Open paugier opened 3 years ago
I forgot to ask explicitly: I'd like to investigate what happens, but I don't know how to do it since it works fine with commands for which I have a bit of control (python setup.py develop
and pip install -e . --no-build-isolation
).
How can I try to understand/fix this issue?
I used
[build-system]
requires = ["setuptools>=49.5.0", "wheel",
"setuptools_scm[toml] @ file://localhost//home/pierre/Dev/setuptools_scm#egg=setuptools_scm",
"setuptools_scm_git_archive"]
to try to understand what happens during the isolated build in setuptools_scm.
setuptools_scm calls Mercurial during the build. Strangely, from the isolated build, mercurial can't see its extension hg-git. Mercurial is installed in its own (conda) environment and should not be influenced by the isolated build.
It seems to be related to the fact that hg-git was installed in the Mercurial environment with pip install -e .
. If I reinstall hg-git with pip install hg-git -U
(of course, in the Mercurial environment), Mercurial can correctly see hg-git from the isolated build.
Changing the behavior of an independent application is indeed a very strange behavior of an isolated build.
This sounds like an issue with hg-git or setuptools. The main difference between installing things with and without -e
is the excutable generated by latter is (currently) done by setuptools, not pip.

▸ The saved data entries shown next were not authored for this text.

lemma functional_constant_on_facet_parallel:
  fixes P :: "(real^'n) set"
  assumes full: "full_polytope P" and a0: "a \<noteq> 0"
    and Feq: "F = P \<inter> {x. a \<bullet> x = b}" and fac: "F facet_of P"
    and y0: "y0 \<in> F" and const: "\<And>y. y \<in> F \<Longrightarrow> u \<bullet> y = u \<bullet> y0"
  shows "u = ((u \<bullet> a) / (a \<bullet> a)) *\<^sub>R a"
proof -
  define s where "s = (u \<bullet> a) / (a \<bullet> a)"
  define w where "w = u - s *\<^sub>R a"
  have wa: "a \<bullet> w = 0" using a0 by (simp add: w_def s_def inner_diff_right inner_commute)
  have ay0: "a \<bullet> y0 = b" using y0 Feq by auto
  have "w = 0"
  proof (rule ccontr)
    assume wne: "w \<noteq> 0"
    let ?H1 = "{x. a \<bullet> x = b}"
    let ?H2 = "{x. w \<bullet> x = w \<bullet> y0}"
    have "F \<subseteq> ?H1 \<inter> ?H2"
      using Feq const ay0 by (auto simp: w_def inner_diff_left)
    then have le: "aff_dim F \<le> aff_dim (?H1 \<inter> ?H2)" by (rule aff_dim_subset)
    have "y0 + w \<in> ?H1" "y0 + w \<notin> ?H2" using ay0 wa wne by (simp_all add: inner_add_right)
    then have "\<not> ?H1 \<subseteq> ?H2" by blast
    moreover have "?H1 \<inter> ?H2 \<noteq> {}" using ay0 by auto
    ultimately have "aff_dim (?H1 \<inter> ?H2) = aff_dim ?H1 - 1"
      using aff_dim_affine_Int_hyperplane[of ?H1 w "w \<bullet> y0"] affine_hyperplane by auto
    also have "aff_dim ?H1 = int CARD('n) - 1" using a0 by simp
    finally have "aff_dim F \<le> int CARD('n) - 2" using le by simp
    moreover have "aff_dim F = int CARD('n) - 1"
      using fac full by (simp add: facet_of_def full_polytope_def)
    ultimately show False by simp
  qed
  then show ?thesis by (simp add: w_def s_def)
qed

lemma normal_cone_facet:
  fixes P :: "(real^'n) set"
  assumes full: "full_polytope P" and a0: "a \<noteq> 0" and sub: "P \<subseteq> {x. a \<bullet> x \<le> b}"
    and Feq: "F = P \<inter> {x. a \<bullet> x = b}" and fac: "F facet_of P"
  shows "normal_cone P F = {t *\<^sub>R (-a) | t. 0 \<le> t}"
proof
  show "{t *\<^sub>R (-a) | t. 0 \<le> t} \<subseteq> normal_cone P F"
  proof
    fix u assume "u \<in> {t *\<^sub>R (-a) | t. 0 \<le> t}"
    then obtain t where t: "0 \<le> t" "u = t *\<^sub>R (-a)" by auto
    have "t * (a \<bullet> x) \<le> t * b" if "x \<in> P" for x
      using sub that t(1) by (auto intro: mult_left_mono)
    then show "u \<in> normal_cone P F"
      using Feq t unfolding normal_cone_def by auto
  qed
next
  show "normal_cone P F \<subseteq> {t *\<^sub>R (-a) | t. 0 \<le> t}"
  proof
    fix u assume u: "u \<in> normal_cone P F"
    have FP: "F \<subseteq> P" using fac by (auto simp: facet_of_def face_of_def)
    obtain y0 where y0: "y0 \<in> F" using fac by (auto simp: facet_of_def)
    have uineq: "\<And>y x. y \<in> F \<Longrightarrow> x \<in> P \<Longrightarrow> u \<bullet> y \<le> u \<bullet> x"
      using u unfolding normal_cone_def by blast
    have "\<And>y. y \<in> F \<Longrightarrow> u \<bullet> y = u \<bullet> y0"
      using uineq y0 FP by (meson antisym subsetD)
    then obtain s where ueq: "u = s *\<^sub>R a"
      using functional_constant_on_facet_parallel[OF full a0 Feq fac y0] by blast
    obtain c where c: "c \<in> interior P" using full_polytope_interior_nonempty[OF full] by blast
    have "min_inner P (-a) = (-a) \<bullet> y0"
      using y0 FP Feq sub by (intro min_inner_eqI) auto
    then have ac: "a \<bullet> c < b"
      using min_inner_less_interior[OF full c, of "-a"] a0 y0 Feq by simp
    have "u \<bullet> y0 \<le> u \<bullet> c" using uineq y0 c interior_subset by blast
    then have "s * b \<le> s * (a \<bullet> c)" using ueq y0 Feq by simp
    then have "s \<le> 0" using ac by (metis mult_le_cancel_left not_le)
    then show "u \<in> {t *\<^sub>R (-a) | t. 0 \<le> t}" using ueq
      by (intro CollectI exI[of _ "-s"]) auto
  qed
qed

lemma normal_cone_facet_in_fan_rays:
  fixes P :: "(real^'n) set"
  assumes full: "full_polytope P" and fac: "F facet_of P"
  shows "normal_cone P F \<in> fan_rays (normal_fan P)"
proof -
  obtain a b where ab: "a \<noteq> 0" "P \<subseteq> {x. a \<bullet> x \<le> b}" "F = P \<inter> {x. a \<bullet> x = b}"
    using facet_of_polyhedron[OF full_polytope_polyhedron[OF full] fac] by blast
  have "aff_dim (normal_cone P F) = 1"
    using normal_cone_facet[OF full ab fac] aff_dim_ray[of "-a"] ab(1) by simp
  moreover have "normal_cone P F \<in> normal_fan P"
    using fac unfolding normal_fan_def facet_of_def by blast
  ultimately show ?thesis unfolding fan_rays_def by simp
qed

lemma ray_generator_facet_tight:
  fixes P :: "(real^'n) set"
  assumes full: "full_polytope P" and fac: "F facet_of P" and x: "x \<in> F"
  shows "ray_generator (normal_cone P F) \<bullet> x = min_inner P (ray_generator (normal_cone P F))"
proof -
  let ?g = "ray_generator (normal_cone P F)"
  have "?g \<in> normal_cone P F"
    using fan_ray_generator(1)[OF full normal_cone_facet_in_fan_rays[OF full fac]] .
  then have "\<And>z. z \<in> P \<Longrightarrow> ?g \<bullet> x \<le> ?g \<bullet> z" using x unfolding normal_cone_def by blast
  moreover have "x \<in> P" using x fac facet_of_imp_subset by blast
  ultimately show ?thesis using min_inner_eqI by metis
qed

lemma full_polytope_ray_halfspaces:
  fixes P :: "(real^'n) set"
  assumes full: "full_polytope P"
  shows "P = {x. \<forall>g\<in>ray_generators (normal_fan P). min_inner P g \<le> g \<bullet> x}"
proof
  show "P \<subseteq> {x. \<forall>g\<in>ray_generators (normal_fan P). min_inner P g \<le> g \<bullet> x}"
    using min_inner_le full_polytope_compact[OF full] by blast
next
  show "{x. \<forall>g\<in>ray_generators (normal_fan P). min_inner P g \<le> g \<bullet> x} \<subseteq> P"
  proof
    fix x assume x: "x \<in> {x. \<forall>g\<in>ray_generators (normal_fan P). min_inner P g \<le> g \<bullet> x}"
    obtain H where "finite H" and seq: "P = affine hull P \<inter> \<Inter>H"
       and faces: "\<And>h. h \<in> H \<Longrightarrow> \<exists>a b. a \<noteq> 0 \<and> h = {x. a \<bullet> x \<le> b}"
       and min: "\<And>F'. F' \<subset> H \<Longrightarrow> P \<subset> (affine hull P) \<inter> \<Inter>F'"
      using full_polytope_polyhedron[OF full] by (simp add: polyhedron_Int_affine_minimal) meson
    then obtain a b where ab: "\<And>h. h \<in> H \<Longrightarrow> a h \<noteq> 0 \<and> h = {x. a h \<bullet> x \<le> b h}"
      by metis
    have "x \<in> h" if h: "h \<in> H" for h
    proof -
      define F where "F = P \<inter> {x. a h \<bullet> x = b h}"
      have fac: "F facet_of P"
        using facet_of_polyhedron_explicit[OF \<open>finite H\<close> seq ab min] h F_def by blast
      have sub: "P \<subseteq> {x. a h \<bullet> x \<le> b h}" using h ab seq by blast
      let ?\<rho> = "normal_cone P F"
      let ?g = "ray_generator ?\<rho>"
      have \<rho>: "?\<rho> \<in> fan_rays (normal_fan P)" using normal_cone_facet_in_fan_rays[OF full fac] .
      then obtain t where t: "0 \<le> t" "?g = t *\<^sub>R (- a h)"
        using fan_ray_generator(1)[OF full] normal_cone_facet[OF full _ sub F_def fac] ab h by blast
      then have "0 < t" using fan_ray_generator(2)[OF full \<rho>] by (cases "t = 0") auto
      obtain y0 where y0: "y0 \<in> F" using fac unfolding facet_of_def by blast
      have "- t * b h = min_inner P ?g"
        using ray_generator_facet_tight[OF full fac y0] y0 t by (simp add: F_def)
      also have "\<dots> \<le> ?g \<bullet> x" using x \<rho> by auto
      finally have "- t * b h \<le> - t * (a h \<bullet> x)" using t by simp
      then have "a h \<bullet> x \<le> b h" using \<open>0 < t\<close> by simp
      then show "x \<in> h" using ab h by blast
    qed
    then show "x \<in> P" using seq full_polytope_affine_hull[OF full] by blast
  qed
qed

lemma in_full_polytopeI:
  fixes P :: "(real^'n) set"
  assumes "full_polytope P" "\<And>g. g \<in> ray_generators (normal_fan P) \<Longrightarrow> min_inner P g \<le> g \<bullet> x"
  shows "x \<in> P"
  using assms full_polytope_ray_halfspaces[OF assms(1)] by blast

lemma frontier_full_polytope_facet:
  fixes P :: "(real^'n) set"
  assumes full: "full_polytope P" and x: "x \<in> frontier P"
  obtains F where "F facet_of P" "x \<in> F"
proof -
  have "rel_interior P = interior P"
    using full_polytope_affine_hull[OF full] by (rule rel_interior_interior)
  then have "frontier P = P - rel_interior P"
    using full_polytope_closed[OF full] by (simp add: frontier_def closure_closed)
  then show ?thesis
    using rel_boundary_of_polyhedron[OF full_polytope_polyhedron[OF full]] x that by blast
qed

lemma ray_generator_inner_negative:
  fixes P :: "(real^'n) set"
  assumes full: "full_polytope P" and y: "y \<noteq> 0"
  shows "\<exists>g\<in>ray_generators (normal_fan P). g \<bullet> y < 0"
proof (rule ccontr)
  assume "\<not> ?thesis"
  then have ge: "\<forall>g\<in>ray_generators (normal_fan P). 0 \<le> g \<bullet> y" by (auto simp: not_less)
  obtain x0 where x0: "x0 \<in> P" using full_polytope_nonempty[OF full] by blast
  have inP: "x0 + s *\<^sub>R y \<in> P" if s: "0 \<le> s" for s
  proof -
    have "min_inner P g \<le> g \<bullet> (x0 + s *\<^sub>R y)" if "g \<in> ray_generators (normal_fan P)" for g
    proof -
      have "0 \<le> s * (g \<bullet> y)" using s ge that by auto
      then show ?thesis
        using min_inner_le[OF full_polytope_compact[OF full] x0, of g] by (simp add: inner_add_right)
    qed
    then show ?thesis by (rule in_full_polytopeI[OF full])
  qed
  obtain B where B: "\<forall>x\<in>P. norm x \<le> B"
    using full polytope_imp_bounded bounded_iff unfolding full_polytope_def by metis
  define s where "s = (B + norm x0 + 1) / norm y"
  have B0: "0 \<le> B" using B x0 norm_ge_zero order_trans by blast
  then have s0: "0 \<le> s" by (simp add: s_def)
  have "norm (s *\<^sub>R y) = B + norm x0 + 1" using y B0 by (simp add: s_def)
  moreover have "norm (s *\<^sub>R y) \<le> norm (x0 + s *\<^sub>R y) + norm x0"
    by (metis add.commute add_diff_cancel_left' norm_triangle_ineq4)
  moreover have "norm (x0 + s *\<^sub>R y) \<le> B" using B inP[OF s0] by blast
  ultimately show False by simp
qed

section \<open>Refinement and simplicial colorings\<close>

lemma finite_fan_maximal_cone:
  assumes "finite S" "\<sigma> \<in> S"
  obtains \<tau> where "\<tau> \<in> maximal_cones S" "\<sigma> \<subseteq> \<tau>"
proof -
  let ?A = "{\<tau>\<in>S. \<sigma> \<subseteq> \<tau>}"
  have "finite ?A" "?A \<noteq> {}" using assms by auto
  then obtain m where m: "m \<in> ?A" "\<forall>b\<in>?A. m \<le> b \<longrightarrow> m = b"
    using finite_has_maximal by meson
  have "m \<in> maximal_cones S" unfolding maximal_cones_def using m by auto
  then show ?thesis using that m by simp
qed

lemma simplicial_coloring_colors_rays:
  assumes "simplicial_coloring S L" "i \<le> CARD('n)"
  shows "L i \<subseteq> fan_rays (S :: (real^'n) set set)"
  using assms unfolding simplicial_coloring_def coloring_def by auto

lemma simplicial_coloring_refinement:
  fixes S S' :: "(real^'n) set set"
  assumes fin: "finite S" and ref: "fan_refines S' S" and rays: "fan_rays S = fan_rays S'"
    and sc: "simplicial_coloring S L"
  shows "simplicial_coloring S' L"
  unfolding simplicial_coloring_def
proof (intro conjI ballI)
  show "coloring S' L" using rays sc by (simp add: simplicial_coloring_def coloring_def)
next
  fix \<sigma>' assume "\<sigma>' \<in> maximal_cones S'"
  then have "\<sigma>' \<in> S'" by (simp add: maximal_cones_def)
  then obtain \<sigma> where \<sigma>: "\<sigma> \<in> S" "\<sigma>' \<subseteq> \<sigma>"
    using ref unfolding fan_refines_def by blast
  obtain \<tau> where \<tau>: "\<tau> \<in> maximal_cones S" "\<sigma> \<subseteq> \<tau>"
    using finite_fan_maximal_cone[OF fin \<sigma>(1)] .
  have "\<not> (\<forall>i\<in>{..CARD('n)}. \<exists>\<rho>\<in>L i. \<rho> \<subseteq> \<tau>)"
    using sc \<tau>(1) unfolding simplicial_coloring_def by blast
  moreover have "\<sigma>' \<subseteq> \<tau>" using \<sigma>(2) \<tau>(2) by (rule order_trans)
  ultimately show "\<not> (\<forall>i\<in>{..CARD('n)}. \<exists>\<rho>\<in>L i. \<rho> \<subseteq> \<sigma>')"
    by (meson order_trans)
qed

Actually, there is no need to add the -e
to get the problem: even when I install snek5000
with pip install .
, I get the bug (i.e., during the isolated build, Mercurial cannot import an extension installed in its environment with pip install -e .
).
I'm going to try to provide a cleaner way to reproduce.
I don't think the problem can be due to anything in hg-git. hg-git is just a simple python package and Mercurial just detects hg-git by trying to import it. It seems that Mercurial gets an ImportError when the command hg
is run from an isolated build.
The system mercurial might need isolation from the virtualenv used by the build isolation, This may require additional tooling in setuptools_scm
Here is a simple way to reproduce something similar with Ubuntu 20.04: https://github.com/paugier/reproducer-bug-isolated-build-hg/blob/main/.github/workflows/ci.yml
I used the system Mercurial /usr/bin/hg and install hg-git with pip2 (since /usr/bin/hg still uses Python 2.7 in Ubuntu 20.04). pip2 automatically installs hg-git in --user
mode. It is a very standard way to install Mercurial extensions (see https://foss.heptapod.net/mercurial/hg-git/-/tree/branch/0.10.x and https://foss.heptapod.net/mercurial/evolve).
We see here that the isolated build breaks the application Mercurial, which cannot import its extensions.
That's because (see here) pip runs the build in an environment where $PYTHONNOUSERSITE
is set to 1, to protect the build backend environment from being "polluted" by packages installed outside of the build environment.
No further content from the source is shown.